Jailed Journalist on Gender and Culture in Iran
Writers, musicians, filmmakers, and other free thinkers have chafed under Iran's fundamentalist censorship—and some like journalist Roxana Saberi have been made political prisoners. Saberi worked for six years in her father's native Iran and continued to report for the last three years even when the government took away her press pass. She started working on a book on Iranian culture before being smeared as a spy by the Iranian secret police. Though she was sentenced to eight years in prison, international pressure led to her release after 100 days. The Atlantic talked with Saberi about her new book about her experience, her memoir Between Two Worlds, and the book on Iranian culture she still hopes to write.
How do creative people in Iran continue to make art despite the repressive government?
People react to it in different ways. Some of them go underground as you saw in No One Knows About Persian Cats. They go into basements or the cowsheds to practice their music. And still they can find a lot of audience members selling their music on the black market. Journalists also, some try to continue within those restrictions that keep getting tighter and tighter because they think reporting under those conditions is better than not reporting at all. Many others leave the business or go into writing for foreign websites or blogging, which can be risky in Iran, but they think there's enough value to their work to take the calculated work to do it. It's not just journalists and musicians; it's also artists, writers, poets, filmmakers. Many of them have been facing increased restrictions in Iran and if you want to act just like the regime wants to act then you will have more job security, but I think many aren't comfortable doing that. That's when you find this division that I talked about this briefly in the book, which is between insiders and outsiders, and some people say that's what the regime wants.
What's it like to be a woman in Iran? They have more rights than some other countries in the Middle East but they also face some restrictions that are just infamous.

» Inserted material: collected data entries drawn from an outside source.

(* Let $n\ge3$ and $\ell\ge1$, and let $c$ be an SR state on $K_n^{(\ell)}$. Let $k_1,k_2,k_3\in\{1,\dots,n\}$ be distinct, and suppose there is an orientation $\mathcal{O}$ of the complete graph $K_n$ on $\{1,\dots,n\}$ with $c_i\ge\mathrm{in}^{\mathcal{O}}_i$ for all $i\in\{1,\dots,n\}$ such that $k_1\to k_2$, $k_2\to k_3$ and $k_1\to k_3$ in $\mathcal{O}$. Then there exists a finite sequence of grain additions and topplings on $K_n^{(\ell)}$ leading from $c^{\max}$ to $c$ in which every toppling of $k_1$, $k_2$ or $k_3$ is deterministic, and in which the last topplings of these three vertices occur in the order $k_3$, then $k_2$, then $k_1$ ($k_3$ possibly never toppling).
   Context: For $n\ge3,\ell\ge1$, $K_n^{(\ell)}$ is the multigraph on vertex set $\{0,1,\dots,n\}$ with one edge between each pair of distinct vertices of $\{1,\dots,n\}$ and $\ell$ parallel edges between each $k\in\{1,\dots,n\}$ and the sink $0$; so every non-sink vertex has degree $n-1+\ell$. A configuration is $c\in\mathbb{Z}_{\ge0}^n$, stable if $c_i<n-1+\ell$ for all $i$; $c^{\max}=(n-2+\ell,\dots,n-2+\ell)$. A toppling of a vertex $i$ with $c_i\ge n-1+\ell$ moves one grain from $i$ along each edge of some sub-multiset of the edges incident to $i$ to the other endpoint (grains reaching the sink disappear); it is deterministic if that sub-multiset consists of all incident edges. A sequence of grain additions and topplings is a finite sequence of operations, each either adding one grain at a vertex of $\{1,\dots,n\}$ or toppling a currently unstable vertex. In the SSM with parameter $p\in(0,1)$, an unstable vertex topples by sending, independently for each incident edge, one grain along it with probability $p$; the SSM Markov chain on stable configurations adds a grain at vertex $i$ with probability $\mu_i>0$ and stabilises, and SR states are its recurrent states (equivalently, stable configurations reachable from $c^{\max}$ by a sequence of grain additions and topplings). $\mathrm{in}^{\mathcal{O}}_i$ denotes the in-degree of $i$ in $\mathcal{O}$, and $x\to y$ means the edge $\{x,y\}$ is directed from $x$ to $y$. *)

theory Defs
  imports Main
begin

text \<open>Sandpile model on K_n^(l): non-sink vertices 1..n, sink 0.
  Configurations are functions nat => nat, meaningful on {1..n}.\<close>

datatype sp_op =
    Add nat
  | Topple nat "nat set" nat
    \<comment> \<open>Topple i S s: vertex i sends one grain to each j in S (S a subset of the
        non-sink neighbours of i) and one grain along each of s of the l sink edges\<close>

definition config :: "nat \<Rightarrow> (nat \<Rightarrow> nat) \<Rightarrow> bool" where
  "config n c \<longleftrightarrow> (\<forall>i. i \<notin> {1..n} \<longrightarrow> c i = 0)"

definition stable :: "nat \<Rightarrow> nat \<Rightarrow> (nat \<Rightarrow> nat) \<Rightarrow> bool" where
  "stable n l c \<longleftrightarrow> (\<forall>i\<in>{1..n}. c i < n - 1 + l)"

definition cmax :: "nat \<Rightarrow> nat \<Rightarrow> (nat \<Rightarrow> nat)" where
  "cmax n l = (\<lambda>i. if i \<in> {1..n} then n - 2 + l else 0)"

definition valid_op :: "nat \<Rightarrow> nat \<Rightarrow> (nat \<Rightarrow> nat) \<Rightarrow> sp_op \<Rightarrow> bool" where
  "valid_op n l c op = (case op of
      Add i \<Rightarrow> i \<in> {1..n}
    | Topple i S s \<Rightarrow> i \<in> {1..n} \<and> c i \<ge> n - 1 + l \<and> S \<subseteq> {1..n} - {i} \<and> s \<le> l)"

definition apply_op :: "(nat \<Rightarrow> nat) \<Rightarrow> sp_op \<Rightarrow> (nat \<Rightarrow> nat)" where
  "apply_op c op = (case op of
      Add i \<Rightarrow> c(i := c i + 1)
    | Topple i S s \<Rightarrow> (\<lambda>j. if j = i then c i - (card S + s)
                             else if j \<in> S then c j + 1 else c j))"

fun run :: "nat \<Rightarrow> nat \<Rightarrow> (nat \<Rightarrow> nat) \<Rightarrow> sp_op list \<Rightarrow> (nat \<Rightarrow> nat) option" where
  "run n l c [] = Some c"
| "run n l c (op # ops) = (if valid_op n l c op then run n l (apply_op c op) ops else None)"

definition deterministic_op :: "nat \<Rightarrow> nat \<Rightarrow> sp_op \<Rightarrow> bool" where
  "deterministic_op n l op = (case op of
      Add i \<Rightarrow> True
    | Topple i S s \<Rightarrow> S = {1..n} - {i} \<and> s = l)"

definition topples_at :: "sp_op list \<Rightarrow> nat \<Rightarrow> nat \<Rightarrow> bool" where
  "topples_at ops j k \<longleftrightarrow> j < length ops \<and> (\<exists>S s. ops ! j = Topple k S s)"

text \<open>SR states: stable configurations reachable from cmax by grain additions and
  topplings (the equivalent characterisation of recurrent states of the SSM chain).\<close>
definition SR :: "nat \<Rightarrow> nat \<Rightarrow> (nat \<Rightarrow> nat) \<Rightarrow> bool" where
  "SR n l c \<longleftrightarrow> config n c \<and> stable n l c \<and> (\<exists>ops. run n l (cmax n l) ops = Some c)"

text \<open>Orientation of the complete graph on {1..n}: Ori i j means i -> j.\<close>
definition orientation :: "nat \<Rightarrow> (nat \<Rightarrow> nat \<Rightarrow> bool) \<Rightarrow> bool" where
  "orientation n Ori \<longleftrightarrow>
     (\<forall>i j. Ori i j \<longrightarrow> i \<in> {1..n} \<and> j \<in> {1..n} \<and> i \<noteq> j) \<and>
     (\<forall>i\<in>{1..n}. \<forall>j\<in>{1..n}. i \<noteq> j \<longrightarrow> (Ori i j \<or> Ori j i) \<and> \<not> (Ori i j \<and> Ori j i))"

They do have many freedoms and rights that some of their counterparts don't have in other countries in the Middle East. And women have become more and more active in society in recent years. About 65 percent of the entrants in universities have been women in recent years. And women have become involved in politics and in different jobs—still a lot less than men.
And in the elections last year many women took part, and in the demonstrations afterward, many of them were trying to encourage their less courageous male counterparts on. But there's a lot of discrimination against women too. Like in court, a woman's testimony is worth half of a man's testimony. And they have a hard time getting divorced. Their husbands or fathers can stop them from working at a certain job. There have been grassroots campaigns to try to change some of this, but many of the volunteers in these campaigns have been jailed or intimidated and harassed. I think that's gradually changing when many more women are going to college. They go from smaller cities where they meet new people and develop increasing demands on society. I was sometimes accepted into men's circles since they saw me as a foreigner in addition to being an Iranian...only sometimes.
Is it true that nose jobs are popular among Iranian women? How does that fit in with the modesty guidelines women are expected to follow?
A lot of women get their nose jobs done, for one reason I've heard because they have to cover everywhere—their hair and their bodies, but they keep their faces out in the open and they want that part of their body to be as beautiful as possible. That's the part that people who pass them on the street will see...But Iranian women, I think, are gorgeous in general and they have been very careful about their appearance. When you go into private gatherings they wear very chic clothes and give a lot of attention their hair and makeup.
Being a freelance reporter is tough anywhere, but how did you make it in Iran as a freelance reporter without clearance in a restricted country?
The reporting I did without a press pass was limited and it was prohibited by the law. For example, news spots for the radio and maybe a few features... I had a lot more time on my hands, because I couldn't report as much as I used to so that's why I decided to work on the book. But I think that also it's in closed societies like Iran where trying to share information with the public can be most important, whether it's for journalism or blogging and so on. If there weren't people making these kinds of efforts the society would be much more closed and much more repressive. So you see a lot of Iranians who assume or know that they're being monitored by the authorities, but they keep doing what they're doing. They might be labor activists or people looking for new faiths—it's because of them that there's hope for democracy there.
What does Iranian culture teach us about being creative despite restrictions?
You can become creative when faced with restrictions. For instance men and women can't touch on screen, so you see the actor and actress get married, and then they go into a room and throw their shoes outside the door or something like that. They learn to say things in indirect ways and understand by reading between the lines. For example, many Iranians who read Iranian newspapers realize these publications have been censored, so they learn to understand what the journalists' messages are even if they're not saying what they want to say. When they're faced with force and violence they might be silenced in the short term but in the long term you can't eliminate those wishes through force and violence. As they say in Farsi—it's fire under the dirt. If the wind blows a little the dirt can be pushed aside and the flame can blow again.